November 22, 2004

Call It What It Is: Callous, Brutal, State-Sanctioned Murder

War correspondent Kevin Sites, in his own words about his Falluja shooting video:
"While I continue to tape, a Marine walks up to the other two bodies about fifteen feet away, but also lying against the same back wall.

Then I hear him say this about one of the men:

'He's fucking faking he's dead -- he's faking he's fucking dead.'

Through my viewfinder I can see him raise the muzzle of his rifle in the direction of the wounded Iraqi. There are no sudden movements, no reaching or lunging.

However, the Marine could legitimately believe the man poses some kind of danger. Maybe he's going to cover him while another Marine searches for weapons.

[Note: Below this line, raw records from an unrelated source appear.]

(* For $O\in\mathbb{R}^2$ let $v$ be a uniform random point in $[0,1]^2$, $g_1(O):=\mathbb{E}(d(O,v))$, and let $g_3(O)$ be the Lebesgue measure of $\{x\in[0,1]^2:d(O,x)>\tfrac34 g_1(O)\}$. Then for all $O,O'\in\mathbb{R}^2$, $|g_3(O)-g_3(O')|\le(3+\sqrt2)\,d(O,O')$.
   Context: $d$ is Euclidean distance. *)

theory Defs
  imports "HOL-Analysis.Analysis"
begin

text \<open>Points of the plane are pairs of reals; dist on real \<times> real is Euclidean distance.
  The unit square is cbox (0,0) (1,1); the uniform distribution on it is Lebesgue measure
  restricted to it (total mass 1).\<close>

definition unit_sq :: "(real \<times> real) set" where
  "unit_sq = cbox (0,0) (1,1)"

definition g1 :: "real \<times> real \<Rightarrow> real" where
  "g1 P = (\<integral>v. dist P v \<partial>(uniform_measure lborel unit_sq))"

definition g3 :: "real \<times> real \<Rightarrow> real" where
  "g3 P = measure lborel {x \<in> unit_sq. dist P x > 3/4 * g1 P}"

end

theory Submission
  imports Defs
begin

(* The region {x \<in> [0,1]\<^sup>2. d(P,x) > r} moves rigidly with P, so replacing P by Q changes its
  area by at most the area of the part of the square not covered by its translate by Q - P,
  which is at most |t1| + |t2| \<le> sqrt 2 d(P,Q).  Changing the radius from s to r changes the area
  by the area of the annulus s < d(Q,x) \<le> r inside the square, which is at most 4(r - s):
  on the annulus 1 \<le> |x1 - q1|/d + |x2 - q2|/d, and on each vertical (horizontal) line the weight
  |x2 - q2|/d (resp. |x1 - q1|/d) is the derivative of d along the line, so it integrates to at
  most 2(r - s) over the annulus.  Finally g1 is 1-Lipschitz, so the radius 3/4 g1 moves by at
  most 3/4 d(P,Q), and sqrt 2 + 4 * 3/4 = 3 + sqrt 2. *)

lemma has_integral_abs_div_sqrt_sum_squares:
  fixes a c d :: real
  assumes "0 \<le> c" "c \<le> d"
  shows "((\<lambda>b. \<bar>b\<bar> / sqrt (a\<^sup>2 + b\<^sup>2)) has_integral (sqrt (a\<^sup>2 + d\<^sup>2) - sqrt (a\<^sup>2 + c\<^sup>2))) {c..d}"
proof (rule fundamental_theorem_of_calculus_interior[OF assms(2)])
  show "continuous_on {c..d} (\<lambda>b. sqrt (a\<^sup>2 + b\<^sup>2))"
    by (intro continuous_intros)
next
  fix b assume "b \<in> {c<..<d}"
  then have "0 < b" using assms by auto
  then have "0 < a\<^sup>2 + b\<^sup>2" by (simp add: add_nonneg_pos)
  with \<open>0 < b\<close> have "((\<lambda>b. sqrt (a\<^sup>2 + b\<^sup>2)) has_real_derivative \<bar>b\<bar> / sqrt (a\<^sup>2 + b\<^sup>2)) (at b)"
    by (auto intro!: derivative_eq_intros simp: field_simps)
  then show "((\<lambda>b. sqrt (a\<^sup>2 + b\<^sup>2)) has_vector_derivative \<bar>b\<bar> / sqrt (a\<^sup>2 + b\<^sup>2)) (at b)"
    by (simp add: has_real_derivative_iff_has_vector_derivative)
qed

lemma sqrt_add_max_0_diff_squares:
  fixes a r :: real
  assumes "0 \<le> r"
  shows "sqrt (a\<^sup>2 + max 0 (r\<^sup>2 - a\<^sup>2)) = max \<bar>a\<bar> r"
proof -
  have "a\<^sup>2 + max 0 (r\<^sup>2 - a\<^sup>2) = (max \<bar>a\<bar> r)\<^sup>2"
    using assms abs_le_square_iff[of a r] by (auto simp: max_def)
  then show ?thesis by simp
qed
(* Let $w$ be a non-empty word in $0,1,2$. The four-dimensional sequential function $f^{(1)}_w(z)$ (i.e. the defining integral) is well defined (convergent) if and only if $w$ begins with the letter $2$.
   Context: For a word $w=a_1\cdots a_n$ in the letters $0,1,2$, the sequential graph $G_w$ has vertices $0,1,v_1,\dots,v_n$, edges $v_iv_{i+1}$ ($1\le i<n$), and for each $i$ an edge $v_i0$ if $a_i=0$, an edge $v_i1$ if $a_i=1$, and both edges $v_i0,v_i1$ if $a_i=2$. The sequential function $f^{(1)}_w$ is the graphical function in $d=4$ of the graph obtained from $G_w$ by adding a vertex $z$ and an edge $v_nz$: $f^{(1)}_w(z)=\prod_{i=1}^n\int_{\mathbb{R}^4}\frac{d^4x_{v_i}}{\pi^2}\prod_e\|x_e-y_e\|^{-2}$, product over edges, with $0$ the origin, $1$ a unit vector $e_1$, $z\in\mathbb{R}^4\setminus\{0,e_1\}$. *)

theory Defs
  imports "HOL-Analysis.Analysis"
begin

datatype letter = L0 | L1 | L2

text \<open>The external vertex 1: the unit vector e_1 in R^4.\<close>
definition e1 :: "real^4" where
  "e1 = axis 1 1"

definition propagator :: "real^4 \<Rightarrow> real^4 \<Rightarrow> real" where
  "propagator a b = 1 / (norm (a - b))^2"

text \<open>Weight of the edges from v_i to the external vertices 0 and 1 determined by the letter a_i.\<close>
fun letter_weight :: "letter \<Rightarrow> real^4 \<Rightarrow> real" where
  "letter_weight L0 x = propagator x 0"
| "letter_weight L1 x = propagator x e1"
| "letter_weight L2 x = propagator x 0 * propagator x e1"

Instead, he pulls the trigger. There is a small splatter against the back wall and the man's leg slumps down.

'Well he's dead now,' says another Marine in the background.

I am still rolling. I feel the deep pit of my stomach. The Marine then abruptly turns away and strides away, right past the fifth wounded insurgent lying next to a column. He is very much alive and peering from his blanket. He is moving, even trying to talk. But for some reason, it seems he did not pose the same apparent 'danger' as the other man -- though he may have been more capable of hiding a weapon or explosive beneath his blanket.

But then two other marines in the room raise their weapons as the man tries to talk.

For a moment, I'm paralyzed still taping with the old man in the foreground. I get up after a beat and tell the Marines again, what I had told the lieutenant -- that this man -- all of these wounded men -- were the same ones from yesterday. That they had been disarmed treated and left here.

At that point the Marine who fired the shot became aware that I was in the room. He came up to me and said, "I didn't know sir-I didn't know." The anger that seemed present just moments before turned to fear and dread."
As Juan Cole puts it:
If guerrillas had stacked four wounded American Marines up somewhere, and then a second set of guerrillas came in, and a guerrilla shot one of the unarmed, wounded Marines in the head on camera, I guarantee you no one in the American media would be talking about extenuating circumstances. This act would be seen as cowardly and perfidious, with no need for further investigation.